Ce qui est beaucoup. Et en même temps, je ne vois pas matériellement comment on va réussir à tenir l'échéance de 2031. Musique -Revoir les objectifs à la baisse, une possibilité que le gouvernement n'exclut pas.
Le ministre de l'Aménagement du territoire, François Rebsamen, y est même personnellement favorable. Cette perspective inquiète les élus écologistes. Cinq cents d'entre eux ont signé une pétition dénonçant un détricotage du zéro artificialisation nette. -Cette tribune, c'était de lancer une alerte en disant : "Attention, il faut voir plus loin que le bout de son nez." C'est-à-dire qu'il y a des enjeux aussi qui nous dépassent, qui concernent la préservation de notre maison commune, qui est cette planète.

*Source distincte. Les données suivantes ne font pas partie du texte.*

lemma complement_basis_ABC:
  "complement_basis (comm_ideal_lift q) UNIV UNIV (\<lambda>(i, j, k). gA ^ i * gB ^ j * gC ^ k)"
  by (rule complement_basis_monomials[where emb = id]) (auto simp: monomial_ABC_def)

lemma complement_basis_BC:
  "complement_basis (comm_ideal_lift q) (gen_lift q {gB, gC}) UNIV (\<lambda>(j, k). gB ^ j * gC ^ k)"
  by (rule complement_basis_monomials[where emb = "\<lambda>(j, k). (0, j, k)"])
    (auto simp: inj_def monomial_ABC_def image_iff intro!: mult_in_gen_lift power_in_gen_lift dest!: keys_abelianize_BC)

lemma complement_basis_AC:
  "complement_basis (comm_ideal_lift q) (gen_lift q {gA, gC}) UNIV (\<lambda>(i, k). gA ^ i * gC ^ k)"
  by (rule complement_basis_monomials[where emb = "\<lambda>(i, k). (i, 0, k)"])
    (auto simp: inj_def monomial_ABC_def image_iff intro!: mult_in_gen_lift power_in_gen_lift dest!: keys_abelianize_AC)

lemma complement_basis_A:
  "complement_basis (comm_ideal_lift q) (gen_lift q {gA, gB} \<inter> gen_lift q {gA, gC}) UNIV (\<lambda>i. gA ^ i)"
  by (rule complement_basis_monomials[where emb = "\<lambda>i. (i, 0, 0)"])
    (auto simp: inj_def monomial_ABC_def intro!: power_in_gen_lift dest!: keys_abelianize_AB keys_abelianize_AC)

lemma complement_basis_B:
  "complement_basis (comm_ideal_lift q) (gen_lift q {gA, gB} \<inter> gen_lift q {gB, gC}) UNIV (\<lambda>j. gB ^ j)"
  by (rule complement_basis_monomials[where emb = "\<lambda>j. (0, j, 0)"])
    (auto simp: inj_def monomial_ABC_def intro!: power_in_gen_lift dest!: keys_abelianize_AB keys_abelianize_BC)

lemma complement_basis_C:
  "complement_basis (comm_ideal_lift q) (gen_lift q {gA, gC} \<inter> gen_lift q {gB, gC}) UNIV (\<lambda>k. gC ^ k)"
  by (rule complement_basis_monomials[where emb = "\<lambda>k. (0, 0, k)"])
    (auto simp: inj_def monomial_ABC_def intro!: power_in_gen_lift dest!: keys_abelianize_AC keys_abelianize_BC)

lemma complement_basis_scalars:
  "complement_basis (comm_ideal_lift q) (gen_lift q {gA, gB} \<inter> gen_lift q {gB, gC} \<inter> gen_lift q {gA, gC})
    (UNIV :: unit set) (\<lambda>_. 1)"
  by (rule complement_basis_monomials[where emb = "\<lambda>_. (0, 0, 0)"])
    (auto simp: inj_def monomial_ABC_def intro!: power_in_gen_lift[where n = 0, simplified]
      dest!: keys_abelianize_AB keys_abelianize_BC keys_abelianize_AC)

A chaque fois, on voit qu'il y a des tentatives parfois pour revenir en arrière sur certaines choses. Soit ça passe, soit ça ne passe pas. Et on sent qu'il y a cette pression qui est toujours présente.
Musique -Difficile de satisfaire à la fois ceux qui veulent absolument garder les objectifs environnementaux et ceux qui réclament plus de souplesse et de liberté. -C'est fou, ça arrive par délégation entière. Ca va ? -Constance de Pélichy a donné rendez-vous à une soixantaine d'élus de sa circonscription. -Bonjour.
Ca va ? -Elle veut rendre compte du travail de sa mission d'étude parlementaire. Avec d'autres députés, elle a auditionné de nombreux acteurs de l'aménagement du territoire.
La loi ZAN inquiète beaucoup d'élus locaux. -Ce qui est ressorti beaucoup des échanges que j'ai eus à la fin de l'entretien, c'est que pour une fois, on prend le temps de venir nous voir, de nous expliquer. Ils ont besoin de comprendre comment les choses vont se passer, besoin qu'on prenne le temps de les écouter, de les accompagner pour réussir.
Parce qu'en fait, on n'a pas que des maires qui sont hyper bétonneurs, simplement on n'a pas toujours les clés pour faire autrement. -Fiscalité incitative pour les réhabilitations. Création d'un fonds de compensation ZAN.
Subvention pour les rénovations des friches. La députée a présenté les pistes qui commencent à émerger. Ce travail pourrait déboucher sur une proposition de loi ou sur des amendements à un texte du Sénat qui doit être examiné sur le sujet.